Настоящий этап развития психиатрии целиком связан с современной патологией, построенной на синтезе органопатологии и гуморальной патологии. Именно этот синтез и расцвет нейрофизиологии обеспечивают развитие теоретической нейрохирургической мысли, столь интересной и многообещающей для психиатрии. Устанавливая все более тесную связь с общей медициной, с неврологией, нейрофизиологией, биохимией, мы получаем широкие возможности не только для эмпирических наблюдений, но и для жизненного клинического эксперимента, который мы и находим в нейрохирургии, в динамике инсулиновой терапии и т.д.
Задача заключается в том, чтобы найти единый общемедицинский язык, мыслить теми же категориями, которые уже известны и общеприняты в патологии.
Такими основными патологическими категориями являются нозос и патос. Еще Крепелин различал болезненные процессы и болезненные состояния, рассматривая первые как известные изменения, протекавшие в ограниченное время, а вторые — как постоянное, неизменное состояние психической личности (врожденное или приобретенное в результате протекшего душевного расстройства). Однако эти методологически весьма важные положения не получили дальнейшего развития. Между тем актуальная разработка понятия дефекта в последние годы наполняет новым плодотворным содержанием старые понятия. Одновременно все более и более расширяется понятие патологических процессов.

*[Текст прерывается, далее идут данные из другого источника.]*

definition Phi :: "nat \<Rightarrow> nat \<Rightarrow> mpoly4" where
  "Phi n = (THE f. (\<forall>r. (n - 1) div 2 < r \<longrightarrow> f r = 0) \<and>
     cxy ((var_beta * var_a - var_alpha * var_b) ^ ((n - 1) div 2)) * (var_x ^ n - var_y ^ n)
     = (var_x - var_y) * (var_x + var_y) ^ delta (n - 1) *
       (\<Sum>r\<le>(n - 1) div 2. cxy (f r) * quad var_alpha var_beta ^ ((n - 1) div 2 - r) * quad var_a var_b ^ r))"

end

theory Submission
  imports Defs
begin

text \<open>Put \<open>u = x\<^sup>2 + y\<^sup>2\<close> and \<open>v = x y\<close>, so that \<open>quad p q = p u + q v\<close>, and let
  \<open>D = \<beta> a - \<alpha> b\<close>. By Cramer's rule \<open>D u\<close> and \<open>D v\<close> are linear combinations of
  \<open>Q = quad \<alpha> \<beta>\<close> and \<open>P = quad a b\<close>, so the recurrence \<open>T\<^sub>k\<^sub>+\<^sub>2 = u T\<^sub>k\<^sub>+\<^sub>1 - v\<^sup>2 T\<^sub>k\<close> of the
  power sums shows that \<open>D\<^sup>m (x\<^sup>n \<plusminus> y\<^sup>n)\<close> is the cleared denominator times a binary form of
  degree \<open>m\<close> in \<open>Q\<close> and \<open>P\<close>. Its coefficients are unique, because the Jacobian bracket
  \<open>{P, -}\<close> is a derivation that kills \<open>P\<close> and the constants but not \<open>Q\<close>.

  Extended coefficientwise, \<open>E\<close> is a derivation killing \<open>x\<close>, \<open>y\<close>, \<open>D\<close> and \<open>P\<close> and sending
  \<open>Q\<close> to \<open>P\<close>. Applied to the expansion \<open>D\<^sup>m W = pre \<Sum> f\<^sub>r Q\<^sup>m\<^sup>-\<^sup>r P\<^sup>r\<close> it gives
  \<open>0 = \<Sum> (E f\<^sub>r + (m - r + 1) f\<^sub>r\<^sub>-\<^sub>1) Q\<^sup>m\<^sup>-\<^sup>r P\<^sup>r\<close>, and uniqueness yields the recurrence.\<close>

section \<open>Derivations\<close>

locale derivation =
  fixes d :: "'a::comm_ring_1 \<Rightarrow> 'a"
  assumes add: "d (x + y) = d x + d y"
    and mult: "d (x * y) = d x * y + x * d y"
begin

lemma zero: "d 0 = 0"
  using add[of 0 0] by simp

lemma one: "d 1 = 0"
  using mult[of 1 1] by simp

lemma diff: "d (x - y) = d x - d y"
  using add[of "x - y" y] by simp

lemma sum: "d (sum f A) = (\<Sum>i\<in>A. d (f i))"
  by (induction A rule: infinite_finite_induct) (simp_all add: zero add)

lemma of_nat: "d (of_nat n) = 0"
  by (induction n) (simp_all add: zero one add)

lemma power: "d (x ^ n) = of_nat n * x ^ (n - 1) * d x"
proof (induction n)
  case (Suc n)
  then show ?case
    by (cases n) (simp_all add: mult algebra_simps)
qed (simp add: one)

end

lemma derivation_lincomb:
  assumes "derivation d\<^sub>1" "derivation d\<^sub>2"
  shows "derivation (\<lambda>h. A * d\<^sub>1 h + B * d\<^sub>2 h)"
  using assms by unfold_locales (simp_all add: derivation.add derivation.mult algebra_simps)

lemma derivation_pderiv: "derivation (pderiv :: 'a::idom poly \<Rightarrow> 'a poly)"
  by unfold_locales (simp_all add: pderiv_add pderiv_mult algebra_simps)

lemma derivation_map_poly:
  assumes "derivation d"
  shows "derivation (map_poly d)"
proof
  interpret derivation d by fact
  fix x y :: "'a poly"
  show "map_poly d (x + y) = map_poly d x + map_poly d y"
    by (intro poly_eqI) (simp add: coeff_map_poly zero add)
  show "map_poly d (x * y) = map_poly d x * y + x * map_poly d y"
    by (intro poly_eqI) (simp add: coeff_map_poly zero coeff_mult sum mult sum.distrib)
qed

section \<open>Binary forms\<close>

definition binary_form :: "'a::comm_semiring_1 \<Rightarrow> 'a \<Rightarrow> nat \<Rightarrow> (nat \<Rightarrow> 'a) \<Rightarrow> 'a" where
  "binary_form Q P m c = (\<Sum>r\<le>m. c r * Q ^ (m - r) * P ^ r)"

lemma binary_form_0 [simp]: "binary_form Q P 0 c = c 0"
  by (simp add: binary_form_def)

lemma binary_form_zero [simp]: "binary_form Q P m (\<lambda>_. 0) = 0"
  by (simp add: binary_form_def)

lemma binary_form_cong:
  "(\<And>r. r \<le> m \<Longrightarrow> c r = c' r) \<Longrightarrow> binary_form Q P m c = binary_form Q P m c'"
  unfolding binary_form_def by (rule sum.cong) simp_all

lemma binary_form_add:
  "binary_form Q P m c + binary_form Q P m c' = binary_form Q P m (\<lambda>r. c r + c' r)"
  by (simp add: binary_form_def sum.distrib algebra_simps)

lemma binary_form_diff:
  "binary_form Q P m c - binary_form Q P m c' = binary_form Q P m (\<lambda>r. c r - c' r)"
  for Q :: "'a::comm_ring_1"
  by (simp add: binary_form_def sum_subtractf algebra_simps)

lemma mult_binary_form:
  "x * binary_form Q P m c = binary_form Q P m (\<lambda>r. x * c r)"
  by (simp add: binary_form_def sum_distrib_left mult.assoc)

lemma Q_mult_binary_form:
  "Q * binary_form Q P m c = binary_form Q P (Suc m) (\<lambda>r. if r \<le> m then c r else 0)"
proof -
  have "Q * binary_form Q P m c = (\<Sum>r\<le>m. c r * Q ^ (Suc m - r) * P ^ r)"
    unfolding binary_form_def sum_distrib_left
    by (rule sum.cong) (simp_all add: Suc_diff_le algebra_simps)
  also have "\<dots> = binary_form Q P (Suc m) (\<lambda>r. if r \<le> m then c r else 0)"
    by (auto simp: binary_form_def atMost_Suc intro: sum.cong)
  finally show ?thesis .
qed

lemma P_mult_binary_form:
  "P * binary_form Q P m c = binary_form Q P (Suc m) (\<lambda>r. case r of 0 \<Rightarrow> 0 | Suc i \<Rightarrow> c i)"
  unfolding binary_form_def sum.atMost_Suc_shift by (simp add: sum_distrib_left algebra_simps)

lemma (in derivation) binary_form:
  assumes "d P = 0"
  shows "d (binary_form Q P m c) =
    binary_form Q P m (\<lambda>r. d (c r)) + d Q * binary_form Q P (m - 1) (\<lambda>r. of_nat (m - r) * c r)"
proof -
  have "d (c r * Q ^ (m - r) * P ^ r) =
      d (c r) * Q ^ (m - r) * P ^ r + d Q * (of_nat (m - r) * c r * Q ^ (m - r - 1) * P ^ r)" for r
    by (simp add: mult power assms algebra_simps)
  then have "d (binary_form Q P m c) = binary_form Q P m (\<lambda>r. d (c r)) +
      d Q * (\<Sum>r\<le>m. of_nat (m - r) * c r * Q ^ (m - r - 1) * P ^ r)"
    by (simp only: binary_form_def sum sum.distrib sum_distrib_left)
  also have "(\<Sum>r\<le>m. of_nat (m - r) * c r * Q ^ (m - r - 1) * P ^ r) =
      binary_form Q P (m - 1) (\<lambda>r. of_nat (m - r) * c r)"
    by (cases m) (auto simp: binary_form_def atMost_Suc Suc_diff_le intro: sum.cong)
  finally show ?thesis .
qed

lemma binary_form_eq_0_imp_coeff_eq_0:
  fixes d :: "'a::{idom,ring_char_0} \<Rightarrow> 'a"
  assumes d: "derivation d" and "d P = 0" "d Q \<noteq> 0" "P \<noteq> 0"
    and "\<And>r. d (c r) = 0" "binary_form Q P k c = 0" "r \<le> k"
  shows "c r = 0"
  using assms(5-)
proof (induction k arbitrary: c r)
  case (Suc k)
  interpret derivation d by (fact d)
  have "d Q * binary_form Q P k (\<lambda>r. of_nat (Suc k - r) * c r) = 0"
    using binary_form[OF \<open>d P = 0\<close>, of Q "Suc k" c] Suc.prems(1,2) by (simp add: zero)
  then have scaled_form: "binary_form Q P k (\<lambda>r. of_nat (Suc k - r) * c r) = 0"
    using \<open>d Q \<noteq> 0\<close> by simp
  have scaled_const: "d (of_nat (Suc k - r) * c r) = 0" for r
    by (simp add: mult of_nat Suc.prems(1))
  have lower: "c r = 0" if "r \<le> k" for r
  proof -
    have "(of_nat (Suc k - r) :: 'a) \<noteq> 0"
      using that by (metis Suc_diff_le of_nat_neq_0)
    moreover have "of_nat (Suc k - r) * c r = 0"
      using Suc.IH[of "\<lambda>r. of_nat (Suc k - r) * c r", OF scaled_const scaled_form that] .
    ultimately show ?thesis
      by (metis mult_eq_0_iff)
  qed
  then have "binary_form Q P (Suc k) c = c (Suc k) * P ^ Suc k"
    by (simp add: binary_form_def atMost_Suc)
  then have "c (Suc k) = 0"
    using Suc.prems(2) \<open>P \<noteq> 0\<close> by simp
  with lower show ?case
    using Suc.prems(3) le_Suc_eq by blast
qed simp

section \<open>The quadratic forms Q and P\<close>

lemma cxy_add: "cxy (p + q) = cxy p + cxy q"
  by (simp add: cxy_def)

lemma cxy_diff: "cxy (p - q) = cxy p - cxy q"
  by (simp add: cxy_def)

lemma cxy_minus: "cxy (- p) = - cxy p"
  by (simp add: cxy_def)

lemma cxy_mult: "cxy (p * q) = cxy p * cxy q"
  by (simp add: cxy_def)

lemma cxy_0 [simp]: "cxy 0 = 0"
  by (simp add: cxy_def)

lemma cxy_1 [simp]: "cxy 1 = 1"
  by (simp add: cxy_def one_pCons)

lemma cxy_of_nat: "cxy (of_nat k) = of_nat k"
  by (simp add: cxy_def of_nat_poly)

lemma cxy_power: "cxy (p ^ k) = cxy p ^ k"
  by (induction k) (simp_all add: cxy_mult)

lemma cxy_eq_0_iff [simp]: "cxy p = 0 \<longleftrightarrow> p = 0"
  by (simp add: cxy_def)

lemmas cxy_hom = cxy_add cxy_minus cxy_diff cxy_mult cxy_of_nat cxy_power

definition quad_Q :: xypoly where "quad_Q = quad var_alpha var_beta"
definition quad_P :: xypoly where "quad_P = quad var_a var_b"
definition det_PQ :: mpoly4 where "det_PQ = var_beta * var_a - var_alpha * var_b"

lemma det_PQ_mult_quad:
  "cxy det_PQ * quad p q =
    cxy (q * var_a - p * var_b) * quad_Q + cxy (p * var_beta - q * var_alpha) * quad_P"
  unfolding det_PQ_def quad_Q_def quad_P_def quad_def by (simp add: cxy_hom algebra_simps)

Все это делает весьма важным рассмотрение основных патологических категорий с единой точки зрения. До сих пор мы рассматривали как патологические процессы две большие группы заболеваний — органические и эндогенные с деструктивными тенденциями и противопоставляли их аномалиям развития, к которым наряду с психопатиями относили и маниакально-депрессивный психоз.
Однако активные методы терапии психозов открыли новую главу изучения постмалярийных паралитиков и постинсулинных шизофреников, у которых процесс удается приостановить. При этом мы наблюдаем уже новое патологическое состояние, характер которого зависит от типа и степени дефекта. С другой стороны, например, и сам по себе маниакально-депрессивный психоз так же, как и психопатия, не может быть принципиально противопоставлен патологическим процессам. Такое противопоставление объясняется тем, что под «процессами» понимали до сих пор только процессы деструктивные. Между тем из общей патологии нам знакомы так же и продуктивные процессы.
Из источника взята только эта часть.